I hate P.E and sports in general and I suck at every sport except maybe swimming, but I'm only good at the breaststroke. Sucks that they don't have a swimming pool at my school. I'm terribly unathletic (scrawny, built like a toothpick), my hand/eye coordination is terrible (I can't even do a simple serve in badminton and tennis) and I'm surely the slowest runner out of all the kids. Plus it's senior year PE class so the teacher expects all of us to be experts at every sport and later in the semester we even have to do an assignment where we demonstrate freshmen on how to play a particular sport correctly, which is going to be a guaranteed fail for me. Ugh I can just imagine that ppl are gonna laugh at me and bullying me and the teacher failing me.

And I can't drop senior year gym class because it's a requirement for graduation. Sorry if that turned out to be too much of a rant because I am very depressed and nervous for gym class tomorrow.


----------



## copper (Nov 10, 2003)

That sucks. I hated gym too. I have no coordination at all. I was always the one picked last, and bullied. It didn't help when the basketball, football, wrestling jocks took gym. There were two jocks that were always in my class for four years. They were out for just about every sport that the school offered. So they didn't have to take gym,but they had to take it to bully the less able ones like me. Luckily, I never flunked, but got C's. The one PE teacher thought he was going to shape me to be a basketball player since I was 6 feet tall. But I wasn't willing, and coordination was a problem. So for punishment since he also taught drivers ed wouldn't let me take the class. Kept telling me every time I signed up it was full which was BS. Everyone else took it. So I couldn't get my license until I was 18.


----------



## KawaiiHime (Oct 10, 2013)

man, i know how you're feeling. in primary school, i hated gym from the bottom of my heart. we had a female teacher to whom i gave a nickname ''Hitler-lady''. she really looked like Hitler, only in sweatpants and long hair pulled up in a bun. 

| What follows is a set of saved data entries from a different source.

lemma real_eigenvalue_in_sym_pseudospectrum:
  assumes x: "norm x = 1" and eig: "(A - cmat_scale (of_real r) B) *v x = l *\<^sub>R x"
    and l: "\<bar>l\<bar> \<le> \<epsilon> * sqrt (1 + r\<^sup>2)"
  shows "of_real r \<in> sym_pseudospectrum \<epsilon> A B"
proof -
  define s where "s = sqrt (1 + r\<^sup>2)"
  have s: "s > 0" "s\<^sup>2 = 1 + r\<^sup>2"
    unfolding s_def by (simp_all add: add_pos_nonneg)
  define c where "c = l / s\<^sup>2"
  define E where "E = cmat_scale (of_real (- c)) (cmat_outer x)"
  define F where "F = cmat_scale (of_real (r * c)) (cmat_outer x)"
  have herm: "hermitian E" "hermitian F"
    unfolding E_def F_def by (intro hermitian_cmat_scale_real hermitian_cmat_outer)+
  have "norm2 (cmat_scale (of_real t) (cmat_outer x)) \<le> \<bar>t\<bar>" for t
    using norm2_cmat_scale_le[of "of_real t" "cmat_outer x"] norm2_cmat_outer_le[OF x]
    by (metis abs_ge_zero mult_left_le norm_of_real order_trans)
  from this[of "- c"] this[of "r * c"] have "norm2 E \<le> \<bar>c\<bar>" "norm2 F \<le> \<bar>r * c\<bar>"
    by (simp_all add: E_def F_def)
  then have "sqrt ((norm2 E)\<^sup>2 + (norm2 F)\<^sup>2) \<le> sqrt (c\<^sup>2 + (r * c)\<^sup>2)"
    by (intro real_sqrt_le_mono add_mono power2_mono) (auto simp: norm2_nonneg)
  also have "c\<^sup>2 + (r * c)\<^sup>2 = c\<^sup>2 * s\<^sup>2"
    by (simp add: s(2) algebra_simps)
  also have "\<dots> = (l / s)\<^sup>2"
    using s(1) by (simp add: c_def field_simps)
  also have "sqrt \<dots> = \<bar>l\<bar> / s"
    using s(1) by simp
  also have "\<dots> \<le> \<epsilon>"
    using l s by (simp add: divide_le_eq s_def)
  finally have size: "sqrt ((norm2 E)\<^sup>2 + (norm2 F)\<^sup>2) \<le> \<epsilon>" .
  have "(E *v x)$i = - c * x$i" "(F *v x)$i = r * c * x$i" for i
    by (simp_all add: E_def F_def cmat_scale_mult_vector cmat_outer_mult_vector_self[OF x])
  moreover have "(A *v x)$i - r * (B *v x)$i = l * x$i" for i
    using eig[THEN arg_cong[where f = "\<lambda>v. v$i"]]
    by (simp add: cmat_scale_mult_vector matrix_vector_mult_diff_rdistrib) (simp add: scaleR_conv_of_real)
  moreover have "l = c * (1 + r\<^sup>2)"
    using s(1) by (simp add: c_def flip: s(2))
  ultimately have eq: "(A + E) *v x = cmat_scale (of_real r) (B + F) *v x"
    by (simp add: vec_eq_iff cmat_scale_mult_vector algebra_simps power2_eq_square)
  have "x \<noteq> 0"
    using x by auto
  with herm size eq show ?thesis
    unfolding sym_pseudospectrum_def mem_Collect_eq by (intro exI conjI)
qed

she constantly put me in pair with one boy who didn't even know how to throw a ball and was a completely retard, so because of him, it seemed like i don't know how to throw a ball either. i even had to dance with him, since she taught us all how to play waltz, although she needed to show him where to put his hands because he was too stupid to do it himself. in the end, she gave us a 'D'.

she also always gave me a 'D' a the end of the year, and said that i needed to get an 'F' and some ''special program'', whatever that means and that i need to go to doctor to check my motor skills. like i'm some kind of retard or something! just because i couldn't run as fast as she wanted me to run or do some exercises. actually, i wasn't good in some exercises only because i was afraid of her. 

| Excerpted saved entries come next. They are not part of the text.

definition Kappas :: "kappa set" where
  "Kappas = {KA, KB, KX}"

definition kset :: "(nat \<Rightarrow> nat \<Rightarrow> nat set) \<Rightarrow> nat set set \<Rightarrow> (nat \<Rightarrow> nat \<Rightarrow> nat) \<Rightarrow> kappa
                     \<Rightarrow> nat \<Rightarrow> nat \<Rightarrow> nat \<Rightarrow> nat \<Rightarrow> nat set" where
  "kset V E g K i j k l =
     (let A = left_nbrs V E j k l (g j l);
          B = right_nbrs V E i j k (g i k)
      in case K of KA \<Rightarrow> A | KB \<Rightarrow> B | KX \<Rightarrow> V j k - (A \<union> B))"

end

(*
  Round every density to the grid of multiples of 1/m, where 1/m < \<epsilon>.  The vector of
  the 27 rounded densities of a quadruple i < j < k < l then takes only finitely many values,
  so Ramsey's theorem for 4-uniform hypergraphs gives a large index set on which it is
  constant; that constant is d.  If A and B are disjoint for each of the three choices of
  vertices, the 27 sets \<kappa> \<inter> \<kappa>\<^sup>1 \<inter> \<kappa>\<^sup>2 partition V_jk, so the densities of one quadruple sum to 1
  and the d's sum to at most 1 + 27\<epsilon>.  Such a quadruple exists because Ramsey's theorem is
  applied to sets of size max 4 n, which are then shrunk to size n.
*)

theory Submission
  imports Defs "HOL-Library.Ramsey"
begin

during gym classes, i got bullied and she never did anything. once, when i told her what one bully said to me, she laughed. she accused me of having a crush on my bully. god i hated that b**** so much!!! i'm just not a sports person. i just couldn't run very fast or do many push ups, but i always did my best and had my gym kit.

my parents complained to my headteacher about her. he was really good, but said something that if we said something about her, she would give me a lower grade at the end of the year....

now, in high school, we have a male teacher. now, i won't say i hate gym, just don't like it.


----------



## animefreak (Jun 4, 2013)

Ugh, I do not miss dealing with that. Every single thing you mention is EXACTLY how I was in gym class except for the swimming part. Picked dead last each time, slowest runner, can't do basic things, criticized constantly, etc. And it's truly pathetic how serious the other students take it. It's really quite shameful to be honest, and they should be embarrassed that they care that much. I never did have the courage to yell at someone, "THEN JOIN A FREAKIN' SPORT!!!!" It's not the Olympics.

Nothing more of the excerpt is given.